- [Assignment] All entries below must be reproduced without a single change.

=== Dataset content ===

(* Let $\mathbb{X}$ be a finite-dimensional real Euclidean space and let $\boldsymbol{M}_1,\boldsymbol{M}_2:\mathbb{X}\rightrightarrows\mathbb{X}$ be such that $\boldsymbol{M}_1$, $\boldsymbol{M}_2$ and $\boldsymbol{M}_1+\boldsymbol{M}_2$ are maximal monotone and $\operatorname{Zer}(\boldsymbol{M}_1+\boldsymbol{M}_2)\neq\emptyset$. Let $\sigma>0$, $\eta^0\in\mathbb{X}$, and let $\{w^k,x^k,v^k,\eta^k\}_{k\ge1}$ be generated by the HPR iteration: for $k\ge0$, $w^{k+1}=\boldsymbol{J}_{\sigma\boldsymbol{M}_2}(\eta^k)$, $x^{k+1}=\boldsymbol{J}_{\sigma\boldsymbol{M}_1}(2w^{k+1}-\eta^k)$, $v^{k+1}=2x^{k+1}-(2w^{k+1}-\eta^k)$, $\eta^{k+1}=\frac{1}{k+2}\eta^0+\frac{k+1}{k+2}v^{k+1}$. Let $\eta^*:=\Pi_{\operatorname{Fix}(\mathbf{T}^{\rm PR}_\sigma)}(\eta^0)$ and $w^*:=\boldsymbol{J}_{\sigma\boldsymbol{M}_2}(\eta^* )$. Then $\eta^k\to\eta^*$, $v^k\to\eta^*$, $x^k\to w^*$, $w^k\to w^*$, and $w^*\in\operatorname{Zer}(\boldsymbol{M}_1+\boldsymbol{M}_2)$, i.e. $0\in\boldsymbol{M}_1w^*+\boldsymbol{M}_2w^*$.
   Context: For a maximal monotone $\boldsymbol{M}$, $\boldsymbol{J}_{\boldsymbol{M}}:=(\boldsymbol{I}+\boldsymbol{M})^{-1}$ is its resolvent and $\boldsymbol{R}_{\boldsymbol{M}}:=2\boldsymbol{J}_{\boldsymbol{M}}-\boldsymbol{I}$ its reflected resolvent. The Peaceman–Rachford operator is $\mathbf{T}^{\rm PR}_\sigma:=\boldsymbol{R}_{\sigma\boldsymbol{M}_1}\circ\boldsymbol{R}_{\sigma\boldsymbol{M}_2}$, $\operatorname{Fix}(\cdot)$ is the set of fixed points, and $\Pi_C$ is the Euclidean projection onto a closed convex set $C$. *)

theory Defs
  imports "HOL-Analysis.Analysis"
begin

definition monotone_op :: "('a::real_inner \<Rightarrow> 'a set) \<Rightarrow> bool" where
  "monotone_op M \<longleftrightarrow> (\<forall>x y u v. u \<in> M x \<longrightarrow> v \<in> M y \<longrightarrow> inner (x - y) (u - v) \<ge> 0)"

definition maximal_monotone :: "('a::real_inner \<Rightarrow> 'a set) \<Rightarrow> bool" where
  "maximal_monotone M \<longleftrightarrow> monotone_op M \<and>
     (\<forall>x u. (\<forall>y v. v \<in> M y \<longrightarrow> inner (x - y) (u - v) \<ge> 0) \<longrightarrow> u \<in> M x)"

definition op_sum :: "('a::real_vector \<Rightarrow> 'a set) \<Rightarrow> ('a \<Rightarrow> 'a set) \<Rightarrow> ('a \<Rightarrow> 'a set)" where
  "op_sum M1 M2 = (\<lambda>x. {u + v | u v. u \<in> M1 x \<and> v \<in> M2 x})"

definition op_scale :: "real \<Rightarrow> ('a::real_vector \<Rightarrow> 'a set) \<Rightarrow> ('a \<Rightarrow> 'a set)" where
  "op_scale c M = (\<lambda>x. (\<lambda>u. c *\<^sub>R u) ` M x)"

definition zer :: "('a::real_vector \<Rightarrow> 'a set) \<Rightarrow> 'a set" where
  "zer M = {x. 0 \<in> M x}"

text \<open>Resolvent J_M = (I + M)^{-1}: J_M z is the point x with z \<in> x + M x
  (single-valued and total for maximal monotone M, by Minty's theorem).\<close>
definition resolvent :: "('a::real_vector \<Rightarrow> 'a set) \<Rightarrow> 'a \<Rightarrow> 'a" where
  "resolvent M z = (THE x. z - x \<in> M x)"

definition refl_resolvent :: "('a::real_vector \<Rightarrow> 'a set) \<Rightarrow> 'a \<Rightarrow> 'a" where
  "refl_resolvent M z = 2 *\<^sub>R resolvent M z - z"

definition PR_op :: "real \<Rightarrow> ('a::real_vector \<Rightarrow> 'a set) \<Rightarrow> ('a \<Rightarrow> 'a set) \<Rightarrow> 'a \<Rightarrow> 'a" where
  "PR_op \<sigma> M1 M2 = refl_resolvent (op_scale \<sigma> M1) \<circ> refl_resolvent (op_scale \<sigma> M2)"

definition fixpoints :: "('a \<Rightarrow> 'a) \<Rightarrow> 'a set" where
  "fixpoints T = {z. T z = z}"

end

theory Submission
  imports Defs
begin

text \<open>
  The HPR scheme is Halpern's iteration
  \<open>\<eta>\<^sup>k\<^sup>+\<^sup>1 = \<eta>\<^sup>0 / (k + 2) + (k + 1) / (k + 2) \<cdot> T \<eta>\<^sup>k\<close>
  for the Peaceman-Rachford operator \<open>T = R\<^sub>1 \<circ> R\<^sub>2\<close>, with \<open>v\<^sup>k\<^sup>+\<^sup>1 = T \<eta>\<^sup>k\<close>.
  Reflected resolvents of maximal monotone operators are nonexpansive, so \<open>T\<close> is nonexpansive;
  its fixed point set is nonempty, because \<open>z - \<sigma> a\<close> is fixed whenever \<open>a \<in> M\<^sub>1 z\<close> and
  \<open>-a \<in> M\<^sub>2 z\<close>. In finite dimension Halpern's iteration converges to the projection of the
  anchor \<open>\<eta>\<^sup>0\<close> onto \<open>Fix T\<close>: the iterates stay bounded, \<open>\<eta>\<^sup>k - T \<eta>\<^sup>k \<rightarrow> 0\<close>, every cluster point
  is a fixed point, and the variational inequality of the projection turns the recursion for
  \<open>(k + 1) \<parallel>\<eta>\<^sup>k - \<eta>\<^sup>*\<parallel>\<^sup>2\<close> into convergence. The sequences \<open>w\<close>, \<open>x\<close>, \<open>v\<close> are continuous images of
  \<open>\<eta>\<close>, and \<open>J\<^sub>\<sigma>\<^sub>M\<^sub>2\<close> maps \<open>Fix T\<close> into \<open>Zer (M\<^sub>1 + M\<^sub>2)\<close>.

  That resolvents are everywhere defined is Minty's theorem, proved here for finite dimension:
  a monotone set \<open>G\<close> of pairs \<open>(a, c)\<close> admits a point \<open>x\<close> with \<open>\<langle>x - a, x + c\<rangle> \<le> 0\<close> for all
  pairs. For finite \<open>G\<close>, take a minimiser of the maximum of these quadratics; first-order
  optimality puts \<open>0\<close> in the convex hull of the active gradients, and monotonicity makes the
  corresponding convex combination of the quadratics nonpositive. Each sublevel set is a
  ball, so compactness passes to infinite \<open>G\<close>.
\<close>

section \<open>Monotone sets of pairs\<close>

definition monotone_set :: "('a::real_inner \<times> 'a) set \<Rightarrow> bool" where
  "monotone_set G \<longleftrightarrow> (\<forall>(x, u)\<in>G. \<forall>(y, v)\<in>G. 0 \<le> inner (x - y) (u - v))"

===

- [Response to this task]
(* Let $\mathbb{X}$ be a finite-dimensional real Euclidean space and let $\boldsymbol{M}_1,\boldsymbol{M}_2:\mathbb{X}\rightrightarrows\mathbb{X}$ be such that $\boldsymbol{M}_1$, $\boldsymbol{M}_2$ and $\boldsymbol{M}_1+\boldsymbol{M}_2$ are maximal monotone and $\operatorname{Zer}(\boldsymbol{M}_1+\boldsymbol{M}_2)\neq\emptyset$. Let $\sigma>0$, $\eta^0\in\mathbb{X}$, and let $\{w^k,x^k,v^k,\eta^k\}_{k\ge1}$ be generated by the HPR iteration: for $k\ge0$, $w^{k+1}=\boldsymbol{J}_{\sigma\boldsymbol{M}_2}(\eta^k)$, $x^{k+1}=\boldsymbol{J}_{\sigma\boldsymbol{M}_1}(2w^{k+1}-\eta^k)$, $v^{k+1}=2x^{k+1}-(2w^{k+1}-\eta^k)$, $\eta^{k+1}=\frac{1}{k+2}\eta^0+\frac{k+1}{k+2}v^{k+1}$. Let $\eta^*:=\Pi_{\operatorname{Fix}(\mathbf{T}^{\rm PR}_\sigma)}(\eta^0)$ and $w^*:=\boldsymbol{J}_{\sigma\boldsymbol{M}_2}(\eta^* )$. Then $\eta^k\to\eta^*$, $v^k\to\eta^*$, $x^k\to w^*$, $w^k\to w^*$, and $w^*\in\operatorname{Zer}(\boldsymbol{M}_1+\boldsymbol{M}_2)$, i.e. $0\in\boldsymbol{M}_1w^*+\boldsymbol{M}_2w^*$.
   Context: For a maximal monotone $\boldsymbol{M}$, $\boldsymbol{J}_{\boldsymbol{M}}:=(\boldsymbol{I}+\boldsymbol{M})^{-1}$ is its resolvent and $\boldsymbol{R}_{\boldsymbol{M}}:=2\boldsymbol{J}_{\boldsymbol{M}}-\boldsymbol{I}$ its reflected resolvent. The Peaceman–Rachford operator is $\mathbf{T}^{\rm PR}_\sigma:=\boldsymbol{R}_{\sigma\boldsymbol{M}_1}\circ\boldsymbol{R}_{\sigma\boldsymbol{M}_2}$, $\operatorname{Fix}(\cdot)$ is the set of fixed points, and $\Pi_C$ is the Euclidean projection onto a closed convex set $C$. *)

theory Defs
  imports "HOL-Analysis.Analysis"
begin

definition monotone_op :: "('a::real_inner \<Rightarrow> 'a set) \<Rightarrow> bool" where
  "monotone_op M \<longleftrightarrow> (\<forall>x y u v. u \<in> M x \<longrightarrow> v \<in> M y \<longrightarrow> inner (x - y) (u - v) \<ge> 0)"

definition maximal_monotone :: "('a::real_inner \<Rightarrow> 'a set) \<Rightarrow> bool" where
  "maximal_monotone M \<longleftrightarrow> monotone_op M \<and>
     (\<forall>x u. (\<forall>y v. v \<in> M y \<longrightarrow> inner (x - y) (u - v) \<ge> 0) \<longrightarrow> u \<in> M x)"

definition op_sum :: "('a::real_vector \<Rightarrow> 'a set) \<Rightarrow> ('a \<Rightarrow> 'a set) \<Rightarrow> ('a \<Rightarrow> 'a set)" where
  "op_sum M1 M2 = (\<lambda>x. {u + v | u v. u \<in> M1 x \<and> v \<in> M2 x})"

definition op_scale :: "real \<Rightarrow> ('a::real_vector \<Rightarrow> 'a set) \<Rightarrow> ('a \<Rightarrow> 'a set)" where
  "op_scale c M = (\<lambda>x. (\<lambda>u. c *\<^sub>R u) ` M x)"

definition zer :: "('a::real_vector \<Rightarrow> 'a set) \<Rightarrow> 'a set" where
  "zer M = {x. 0 \<in> M x}"

text \<open>Resolvent J_M = (I + M)^{-1}: J_M z is the point x with z \<in> x + M x
  (single-valued and total for maximal monotone M, by Minty's theorem).\<close>
definition resolvent :: "('a::real_vector \<Rightarrow> 'a set) \<Rightarrow> 'a \<Rightarrow> 'a" where
  "resolvent M z = (THE x. z - x \<in> M x)"

definition refl_resolvent :: "('a::real_vector \<Rightarrow> 'a set) \<Rightarrow> 'a \<Rightarrow> 'a" where
  "refl_resolvent M z = 2 *\<^sub>R resolvent M z - z"

definition PR_op :: "real \<Rightarrow> ('a::real_vector \<Rightarrow> 'a set) \<Rightarrow> ('a \<Rightarrow> 'a set) \<Rightarrow> 'a \<Rightarrow> 'a" where
  "PR_op \<sigma> M1 M2 = refl_resolvent (op_scale \<sigma> M1) \<circ> refl_resolvent (op_scale \<sigma> M2)"

definition fixpoints :: "('a \<Rightarrow> 'a) \<Rightarrow> 'a set" where
  "fixpoints T = {z. T z = z}"

end

theory Submission
  imports Defs
begin

text \<open>
  The HPR scheme is Halpern's iteration
  \<open>\<eta>\<^sup>k\<^sup>+\<^sup>1 = \<eta>\<^sup>0 / (k + 2) + (k + 1) / (k + 2) \<cdot> T \<eta>\<^sup>k\<close>
  for the Peaceman-Rachford operator \<open>T = R\<^sub>1 \<circ> R\<^sub>2\<close>, with \<open>v\<^sup>k\<^sup>+\<^sup>1 = T \<eta>\<^sup>k\<close>.
  Reflected resolvents of maximal monotone operators are nonexpansive, so \<open>T\<close> is nonexpansive;
  its fixed point set is nonempty, because \<open>z - \<sigma> a\<close> is fixed whenever \<open>a \<in> M\<^sub>1 z\<close> and
  \<open>-a \<in> M\<^sub>2 z\<close>. In finite dimension Halpern's iteration converges to the projection of the
  anchor \<open>\<eta>\<^sup>0\<close> onto \<open>Fix T\<close>: the iterates stay bounded, \<open>\<eta>\<^sup>k - T \<eta>\<^sup>k \<rightarrow> 0\<close>, every cluster point
  is a fixed point, and the variational inequality of the projection turns the recursion for
  \<open>(k + 1) \<parallel>\<eta>\<^sup>k - \<eta>\<^sup>*\<parallel>\<^sup>2\<close> into convergence. The sequences \<open>w\<close>, \<open>x\<close>, \<open>v\<close> are continuous images of
  \<open>\<eta>\<close>, and \<open>J\<^sub>\<sigma>\<^sub>M\<^sub>2\<close> maps \<open>Fix T\<close> into \<open>Zer (M\<^sub>1 + M\<^sub>2)\<close>.

  That resolvents are everywhere defined is Minty's theorem, proved here for finite dimension:
  a monotone set \<open>G\<close> of pairs \<open>(a, c)\<close> admits a point \<open>x\<close> with \<open>\<langle>x - a, x + c\<rangle> \<le> 0\<close> for all
  pairs. For finite \<open>G\<close>, take a minimiser of the maximum of these quadratics; first-order
  optimality puts \<open>0\<close> in the convex hull of the active gradients, and monotonicity makes the
  corresponding convex combination of the quadratics nonpositive. Each sublevel set is a
  ball, so compactness passes to infinite \<open>G\<close>.
\<close>

section \<open>Monotone sets of pairs\<close>

definition monotone_set :: "('a::real_inner \<times> 'a) set \<Rightarrow> bool" where
  "monotone_set G \<longleftrightarrow> (\<forall>(x, u)\<in>G. \<forall>(y, v)\<in>G. 0 \<le> inner (x - y) (u - v))"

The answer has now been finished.